His ploy might have worked that week if the temperatures had risen above 40 (it was late May), if it had been frostbite-safe to remove my ski cap at least while sleeping, if I hadn’t twitched at every sound in the night—including my husband’s—and had found a way to appreciate what life was like before plumbing entered the world and changed everything.
Day Four of Creation (I think it was): And God said, “Let there be flush toilets and bathrooms with doors on them. And He saw that it was very good.”
I toughed it out (if you don’t count the tears) through the indignities and the mayfly hatch, through the damp and cold, the unforgiving rocks, indescribables floating in the water, and the lack of anything remotely resembling comfort. I tried to fix my gaze on whatever my husband pointed toward out there across the water or deeper into the woods. I prayed my way through one miserable shiver after another.
As I stumbled out of the wilderness on the last day of our trip, back into the warm, seductive embrace of civilization, my writer-brain vowed, “I have to get a book out of this someday.”
A few years later, my husband almost didn’t make it home from a canoe trip he took with one of our sons.

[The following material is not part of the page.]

(* Let $\mathcal{T}$ be a planar triangulation, $m\in\mathbb{Z}_{\ge 0}$, $r\in\mathbb{Z}_{\ge -1}$, and $\mathbf{r}$ a smoothness distribution with $\mathbf{r}(\tau)\in\{r,-1\}$ for every interior edge $\tau$, such that $\mathcal{Q}^{\mathbf r}$ is lower-acyclic. Let $\sigma$ be a face bounded by interior edges $\tau_1,\tau_2,\tau_3$, and let $\gamma_i=\tau_i\cap\tau_{i+1}$ (indices cyclic in $1,2,3$) be interior vertices of $\mathcal{T}$. Assume that for all $i\in\{1,2,3\}$: $\mathbf{r}(\tau_i)=r$, and $\mathbf{r}(\tau)\neq -1$ for every edge $\tau$ incident on $\gamma_i$. Let $\ell_i$ be an affine-linear form vanishing on $\tau_i$, and let $$\phi:\bigoplus_{i=1}^3{\mathcal{P}}_m/\langle\ell_i^{r+1}\rangle\longrightarrow\bigoplus_{i=1}^3{\mathcal{P}}_m/\mathfrak{J}^{\mathbf r}_{\gamma_i},\qquad (a_1,a_2,a_3)\mapsto(-a_1+a_2,\,-a_2+a_3,\,a_1-a_3).$$ If the cokernel of $\phi$ is trivial, then $\mathcal{Q}^{\mathbf s}$ is lower-acyclic, where $\mathbf{s}(\tau)=\mathbf{r}(\tau)$ for interior edges $\tau\notin\{\tau_1,\tau_2,\tau_3\}$ and $\mathbf{s}(\tau_i)=-1$ for $i=1,2,3$.
   Context: $\mathcal{T}$ is a finite planar mesh: a subdivision of a closed polygonal region $\Omega\subset\mathbb{R}^2$ (possibly not simply connected) into closed polygonal faces (here triangles) meeting along straight edges and vertices. An edge or vertex is interior if it is not contained in $\partial\Omega$; $\mathcal{T}^\circ_1,\mathcal{T}^\circ_0$ denote interior edges and interior vertices, $\mathcal{T}_2$ the faces. ${\mathcal{P}}_m$ is the space of real bivariate polynomials of total degree at most $m$; for polynomials $f_1,\dots,f_k$, $\langle f_1,\dots,f_k\rangle$ denotes the subspace of ${\mathcal{P}}_m$ of all polynomial combinations $\sum g_if_i$ lying in ${\mathcal{P}}_m$. A smoothness distribution is a map $\mathbf{r}:\mathcal{T}^\circ_1\to\mathbb{Z}_{\ge -1}$. For $\tau\in\mathcal{T}^\circ_1$ let $\ell_\tau$ be a nonzero affine-linear polynomial vanishing on $\tau$ and $\mathfrak{J}^{\mathbf r}_\tau=\langle \ell_\tau^{\mathbf r(\tau)+1}\rangle$ (equal to ${\mathcal{P}}_m$ if $\mathbf r(\tau)=-1$); for $\gamma\in\mathcal{T}^\circ_0$, $\mathfrak{J}^{\mathbf r}_\gamma=\sum_{\tau\ni\gamma}\mathfrak{J}^{\mathbf r}_\tau$ over interior edges containing $\gamma$. $\mathcal{C}$ is the chain complex $\bigoplus_{\sigma\in\mathcal{T}_2}{\mathcal{P}}_m\to\bigoplus_{\tau\in\mathcal{T}^\circ_1}{\mathcal{P}}_m\to\bigoplus_{\gamma\in\mathcal{T}^\circ_0}{\mathcal{P}}_m$ (degrees $2,1,0$) with the cellular boundary maps of $\mathcal{T}$ relative to $\partial\Omega$ (signs $\pm1$ from fixed orientations). $\mathcal{I}^{\mathbf r}$ is the subcomplex $0\to\bigoplus_{\tau}\mathfrak{J}^{\mathbf r}_\tau\to\bigoplus_{\gamma}\mathfrak{J}^{\mathbf r}_\gamma$ and $\mathcal{Q}^{\mathbf r}=\mathcal{C}/\mathcal{I}^{\mathbf r}$; $H_2(\mathcal{Q}^{\mathbf r})$ is the space of piecewise polynomials in ${\mathcal{P}}_m$ that are $C^{\mathbf r(\tau)}$ across each interior edge $\tau$. $\mathcal{Q}^{\mathbf r}$ is lower-acyclic if $H_1(\mathcal{Q}^{\mathbf r})=H_0(\mathcal{Q}^{\mathbf r})=0$. *)

theory Defs
  imports "HOL-Analysis.Analysis"
begin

The rescue plane arrived with only minutes to spare to snatch him from the edge of eternity. When the trauma receded, our relationship readjusted, and we could tell the story without shuddering, I knew I’d have to get a book out of that someday.
I’ve stored a good supply of practice novellas and partially-written full-length novels on my computer. But when the what-ifs began for the novel They Almost Always Come Home, something akin to an electrical current pulsed through me. I knew it was a story that would cost me emotionally to write, which made me sense it could very well be an assignment rather than merely an idea.

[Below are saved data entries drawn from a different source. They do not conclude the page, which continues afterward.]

theorem superlinear_convergence:
  shows "\<exists>\<epsilon>>0. \<exists>K. \<forall>(x :: nat \<Rightarrow> real^'n) (d :: nat \<Rightarrow> real^'n).
           (x 0 \<in> cball xs \<epsilon> \<and>
            (\<forall>k. lmmss_step F J L (norm (transpose (J (x k)) *v F (x k))) (x k) (d k) (x (Suc k))))
           \<longrightarrow> ((\<lambda>k. infdist (x k) (Xstar F J)) \<longlonglongrightarrow> 0)
             \<and> (\<forall>k. infdist (x (Suc k)) (Xstar F J) \<le> K * infdist (x k) (Xstar F J) powr (1 + r))
             \<and> (\<exists>z \<in> Xstar F J \<inter> cball xs (\<delta> / 2). x \<longlonglongrightarrow> z)"
proof -
  obtain \<rho> c where \<rho>: "0 < \<rho>" "\<rho> \<le> \<delta> / 2" and c: "c \<ge> 0" and step_bound:
    "\<And>x d y. x \<in> cball xs \<rho> \<Longrightarrow> lmmss_step F J L (norm (transpose (J x) *v F x)) x d y \<Longrightarrow>
       norm d \<le> c * infdist x (Xstar F J)"
    using local_step_estimates by blast
  define K where "K = contraction_const c"
  obtain \<epsilon> where \<epsilon>: "\<epsilon> > 0" "(1 + 2 * c) * \<epsilon> \<le> \<rho>" "\<epsilon> \<le> 1" "2 * K * \<epsilon> powr r \<le> 1"
    using exists_small_radius[OF \<rho>(1) c contraction_const_nonneg[OF c] smoothness(1)] by (auto simp: K_def)
  have "((\<lambda>k. infdist (x k) (Xstar F J)) \<longlonglongrightarrow> 0)
      \<and> (\<forall>k. infdist (x (Suc k)) (Xstar F J) \<le> K * infdist (x k) (Xstar F J) powr (1 + r))
      \<and> (\<exists>z \<in> Xstar F J \<inter> cball xs (\<delta> / 2). x \<longlonglongrightarrow> z)"
    if x0: "x 0 \<in> cball xs \<epsilon>"
      and steps: "\<forall>k. lmmss_step F J L (norm (transpose (J (x k)) *v F (x k))) (x k) (d k) (x (Suc k))"
    for x d
  proof -
    have ball: "cball xs \<rho> \<subseteq> cball xs (\<delta> / 2)"
      using \<rho>(2) by auto
    interpret superlinear_iteration "Xstar F J" xs x d c K r \<rho> \<epsilon>
    proof
      show "x (Suc k) = x k + d k" for k
        using steps by (simp add: lmmss_step_def)
      show "norm (d k) \<le> c * infdist (x k) (Xstar F J)" if "x k \<in> cball xs \<rho>" for k
        using step_bound[OF that] steps by blast
      show "infdist (x (Suc k)) (Xstar F J) \<le> K * infdist (x k) (Xstar F J) powr (1 + r)"
        if "x k \<in> cball xs \<rho>" "x (Suc k) \<in> cball xs \<rho>" "infdist (x k) (Xstar F J) \<le> 1" for k
        unfolding K_def using that ball steps step_bound c
        by (intro infdist_step_le) blast+
    qed (use closed_X xs_in c contraction_const_nonneg smoothness(1) \<epsilon> x0 in \<open>auto simp: K_def\<close>)
    show ?thesis
      using dist_tendsto_zero dist_superlinear iterates_converge ball by blast
  qed
  with \<epsilon>(1) show ?thesis
    by blast
qed

end

theorem mainTheorem7:
  fixes F :: "real^'n \<Rightarrow> real^'m"
    and J :: "real^'n \<Rightarrow> real^'n^'m"
    and J2 :: "real^'n \<Rightarrow> ((real^'n) \<Rightarrow>\<^sub>L (real^'n^'m))"
    and L :: "real^'n^'p"
    and xs :: "real^'n"
    and \<gamma> \<delta> L0 \<omega> r C :: real
  assumes dims: "CARD('n) \<le> CARD('m)"
    and F_deriv: "\<And>x. (F has_derivative (\<lambda>h. J x *v h)) (at x)"
    and J_deriv: "\<And>x. (J has_derivative blinfun_apply (J2 x)) (at x)"
    and J2_cont: "continuous_on UNIV J2"
    and L_rank: "rank L = CARD('p)"
    and xs_in: "xs \<in> Xstar F J"
    and A1: "\<gamma> > 0"
      "\<And>x v. x \<in> cball xs \<delta> \<Longrightarrow> norm (J x *v v)^2 + norm (L *v v)^2 \<ge> \<gamma> * norm v ^ 2"
    and A2: "0 < \<delta>" "\<delta> < 1" "L0 > 0"
      "\<And>x y. x \<in> cball xs \<delta> \<Longrightarrow> y \<in> cball xs \<delta> \<Longrightarrow> specnorm (J x - J y) \<le> L0 * norm (x - y)"
    and A3: "\<omega> > 0"
      "\<And>x. x \<in> cball xs \<delta> \<Longrightarrow> \<omega> * infdist x (Xstar F J) \<le> norm (transpose (J x) *v F x)"
    and A4: "0 < r" "r \<le> 1" "C \<ge> 0"
      "\<And>x z. x \<in> cball xs \<delta> \<Longrightarrow> z \<in> Xstar F J \<inter> cball xs \<delta> \<Longrightarrow>
         norm (transpose (J x - J z) *v F z) \<le> C * norm (x - z) powr (1 + r)"
    and rank_const: "\<And>x. x \<in> cball xs \<delta> \<Longrightarrow> rank (J x) = rank (J xs)"
    and rank_pos: "rank (J xs) \<ge> 1"
  shows "\<exists>\<epsilon>>0. \<exists>K. \<forall>(x :: nat \<Rightarrow> real^'n) (d :: nat \<Rightarrow> real^'n).
           (x 0 \<in> cball xs \<epsilon> \<and>
            (\<forall>k. lmmss_step F J L (norm (transpose (J (x k)) *v F (x k))) (x k) (d k) (x (Suc k))))
           \<longrightarrow> ((\<lambda>k. infdist (x k) (Xstar F J)) \<longlonglongrightarrow> 0)
             \<and> (\<forall>k. infdist (x (Suc k)) (Xstar F J) \<le> K * infdist (x k) (Xstar F J) powr (1 + r))
             \<and> (\<exists>z \<in> Xstar F J \<inter> cball xs (\<delta> / 2). x \<longlonglongrightarrow> z)"
proof -
  have "continuous_on UNIV J"
    using J_deriv by (meson continuous_at_imp_continuous_on has_derivative_continuous)
  then interpret lmmss_local F J L xs \<gamma> \<delta> L0 \<omega> r C
    using F_deriv xs_in A1 A2(1,3,4) A3 A4 rank_const by unfold_locales
  show ?thesis
    by (rule superlinear_convergence)
qed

I what-iffed a plot about a woman whose husband fails to return home from his canoe trip, foiling her plans to leave him. She can’t leave him if she can’t find him. I what-iffed a wall of sorrow between them and invented a desperation I know my readers will recognize.
Plunging into the tangled layers of the story like main character Libby plunged headlong into the undergrowth of an unfamiliar wilderness, I ached with her, scraped my knees when she did, felt the lump in my throat that kept her from swallowing, breathing.
And when she saw the humor in a ridiculously grievous moment, so did I.
Libby’s story landed in my lap(top) after years of writing short fiction for radio drama, years of classes and conferences and critique groups and books on the craft of writing. I guess I had to grow up enough to really listen to what she had to say and tell the truth about her story, even when some of the words overlap with mine.
A scene from the Bible that gets me right here (she said as she tapped her fist into her chest) is when David is handed all the materials he needs to offer a sacrifice to the Lord. He refuses the freebies and insists he can’t offer the Lord “that which cost (him) nothing” (II Samuel 24:24).
I believe that’s one of the secrets of creating a novel that wiggles its way out of the file in which it’s hiding and into print. As an author, I can’t offer Him—or my readers—something that cost me nothing.